#### [WORK REQUIRED]
Go through the material and return every line that contains the string "definition".

________________

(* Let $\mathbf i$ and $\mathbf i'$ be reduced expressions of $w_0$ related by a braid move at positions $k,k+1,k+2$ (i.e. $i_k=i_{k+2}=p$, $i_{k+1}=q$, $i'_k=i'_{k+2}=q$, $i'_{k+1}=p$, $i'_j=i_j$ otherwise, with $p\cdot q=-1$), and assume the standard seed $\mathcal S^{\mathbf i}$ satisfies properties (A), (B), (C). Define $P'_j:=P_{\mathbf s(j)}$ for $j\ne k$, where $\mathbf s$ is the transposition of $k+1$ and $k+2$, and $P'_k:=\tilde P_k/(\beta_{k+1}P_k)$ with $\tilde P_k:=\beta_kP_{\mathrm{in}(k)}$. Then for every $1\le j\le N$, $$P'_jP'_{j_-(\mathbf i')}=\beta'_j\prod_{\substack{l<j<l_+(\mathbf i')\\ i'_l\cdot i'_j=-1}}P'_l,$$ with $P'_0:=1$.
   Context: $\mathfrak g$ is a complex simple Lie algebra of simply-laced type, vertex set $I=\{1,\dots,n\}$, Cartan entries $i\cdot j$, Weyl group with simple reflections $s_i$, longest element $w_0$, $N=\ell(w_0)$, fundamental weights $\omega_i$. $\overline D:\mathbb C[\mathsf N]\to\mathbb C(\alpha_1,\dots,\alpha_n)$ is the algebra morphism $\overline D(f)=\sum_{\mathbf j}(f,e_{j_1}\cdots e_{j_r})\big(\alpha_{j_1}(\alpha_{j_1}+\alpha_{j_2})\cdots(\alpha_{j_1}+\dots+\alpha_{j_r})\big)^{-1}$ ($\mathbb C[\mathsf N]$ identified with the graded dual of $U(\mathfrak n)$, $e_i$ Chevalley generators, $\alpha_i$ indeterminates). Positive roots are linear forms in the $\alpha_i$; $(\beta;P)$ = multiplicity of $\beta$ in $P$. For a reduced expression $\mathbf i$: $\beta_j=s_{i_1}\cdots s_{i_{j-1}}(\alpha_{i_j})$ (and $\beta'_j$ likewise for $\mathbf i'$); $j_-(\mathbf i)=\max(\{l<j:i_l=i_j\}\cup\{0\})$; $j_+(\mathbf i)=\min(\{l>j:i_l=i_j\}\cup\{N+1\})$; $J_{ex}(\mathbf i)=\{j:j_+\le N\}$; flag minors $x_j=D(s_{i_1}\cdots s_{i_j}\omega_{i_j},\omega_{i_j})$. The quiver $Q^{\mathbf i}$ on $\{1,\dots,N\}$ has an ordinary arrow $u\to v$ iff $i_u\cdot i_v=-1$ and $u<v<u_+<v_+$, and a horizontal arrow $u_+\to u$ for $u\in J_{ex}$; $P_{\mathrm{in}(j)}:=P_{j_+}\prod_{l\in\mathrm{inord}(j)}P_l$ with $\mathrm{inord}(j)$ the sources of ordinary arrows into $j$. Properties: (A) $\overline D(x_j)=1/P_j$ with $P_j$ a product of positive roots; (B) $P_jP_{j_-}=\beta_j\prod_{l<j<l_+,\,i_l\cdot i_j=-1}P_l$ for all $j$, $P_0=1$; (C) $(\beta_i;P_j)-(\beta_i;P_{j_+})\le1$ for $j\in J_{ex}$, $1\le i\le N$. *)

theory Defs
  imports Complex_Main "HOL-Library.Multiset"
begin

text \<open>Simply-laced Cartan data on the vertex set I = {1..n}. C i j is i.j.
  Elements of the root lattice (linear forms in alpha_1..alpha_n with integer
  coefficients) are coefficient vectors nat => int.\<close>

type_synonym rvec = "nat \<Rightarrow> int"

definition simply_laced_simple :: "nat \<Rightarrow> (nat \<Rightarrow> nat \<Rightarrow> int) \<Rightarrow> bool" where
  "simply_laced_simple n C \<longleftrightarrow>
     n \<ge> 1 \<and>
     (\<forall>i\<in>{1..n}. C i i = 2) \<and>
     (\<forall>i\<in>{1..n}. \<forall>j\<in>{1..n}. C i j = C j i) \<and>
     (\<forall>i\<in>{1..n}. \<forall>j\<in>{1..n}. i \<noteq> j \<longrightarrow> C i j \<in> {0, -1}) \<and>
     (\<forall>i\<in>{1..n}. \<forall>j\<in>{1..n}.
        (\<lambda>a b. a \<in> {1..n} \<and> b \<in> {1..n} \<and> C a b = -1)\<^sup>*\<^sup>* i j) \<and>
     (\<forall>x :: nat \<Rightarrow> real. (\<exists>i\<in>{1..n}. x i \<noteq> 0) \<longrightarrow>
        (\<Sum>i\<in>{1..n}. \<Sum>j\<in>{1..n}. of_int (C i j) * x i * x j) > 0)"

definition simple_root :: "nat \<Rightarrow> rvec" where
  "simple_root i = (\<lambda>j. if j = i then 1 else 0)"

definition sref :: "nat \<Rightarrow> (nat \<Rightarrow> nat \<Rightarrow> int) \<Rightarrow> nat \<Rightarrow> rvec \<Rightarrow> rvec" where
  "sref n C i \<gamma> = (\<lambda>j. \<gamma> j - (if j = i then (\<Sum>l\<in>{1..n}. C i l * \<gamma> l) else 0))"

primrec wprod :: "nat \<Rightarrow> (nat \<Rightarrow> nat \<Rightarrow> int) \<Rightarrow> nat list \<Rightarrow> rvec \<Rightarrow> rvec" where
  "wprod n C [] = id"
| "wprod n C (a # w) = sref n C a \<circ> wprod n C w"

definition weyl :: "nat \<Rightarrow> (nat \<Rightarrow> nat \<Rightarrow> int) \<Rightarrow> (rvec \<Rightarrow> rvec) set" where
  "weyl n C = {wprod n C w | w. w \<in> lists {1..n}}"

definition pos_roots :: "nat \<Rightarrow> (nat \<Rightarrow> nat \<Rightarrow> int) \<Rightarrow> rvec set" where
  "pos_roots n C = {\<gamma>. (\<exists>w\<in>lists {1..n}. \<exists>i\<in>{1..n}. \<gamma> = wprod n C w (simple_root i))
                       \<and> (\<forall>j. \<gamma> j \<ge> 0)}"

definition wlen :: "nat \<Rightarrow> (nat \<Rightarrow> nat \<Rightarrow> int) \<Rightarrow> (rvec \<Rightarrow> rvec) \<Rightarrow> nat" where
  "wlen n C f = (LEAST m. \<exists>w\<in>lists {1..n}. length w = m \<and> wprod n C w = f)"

________________

#### [RESPONSE BELOW]
definition simply_laced_simple :: "nat \<Rightarrow> (nat \<Rightarrow> nat \<Rightarrow> int) \<Rightarrow> bool" where
definition simple_root :: "nat \<Rightarrow> rvec" where
definition sref :: "nat \<Rightarrow> (nat \<Rightarrow> nat \<Rightarrow> int) \<Rightarrow> nat \<Rightarrow> rvec \<Rightarrow> rvec" where
definition weyl :: "nat \<Rightarrow> (nat \<Rightarrow> nat \<Rightarrow> int) \<Rightarrow> (rvec \<Rightarrow> rvec) set" where
definition pos_roots :: "nat \<Rightarrow> (nat \<Rightarrow> nat \<Rightarrow> int) \<Rightarrow> rvec set" where
definition wlen :: "nat \<Rightarrow> (nat \<Rightarrow> nat \<Rightarrow> int) \<Rightarrow> (rvec \<Rightarrow> rvec) \<Rightarrow> nat" where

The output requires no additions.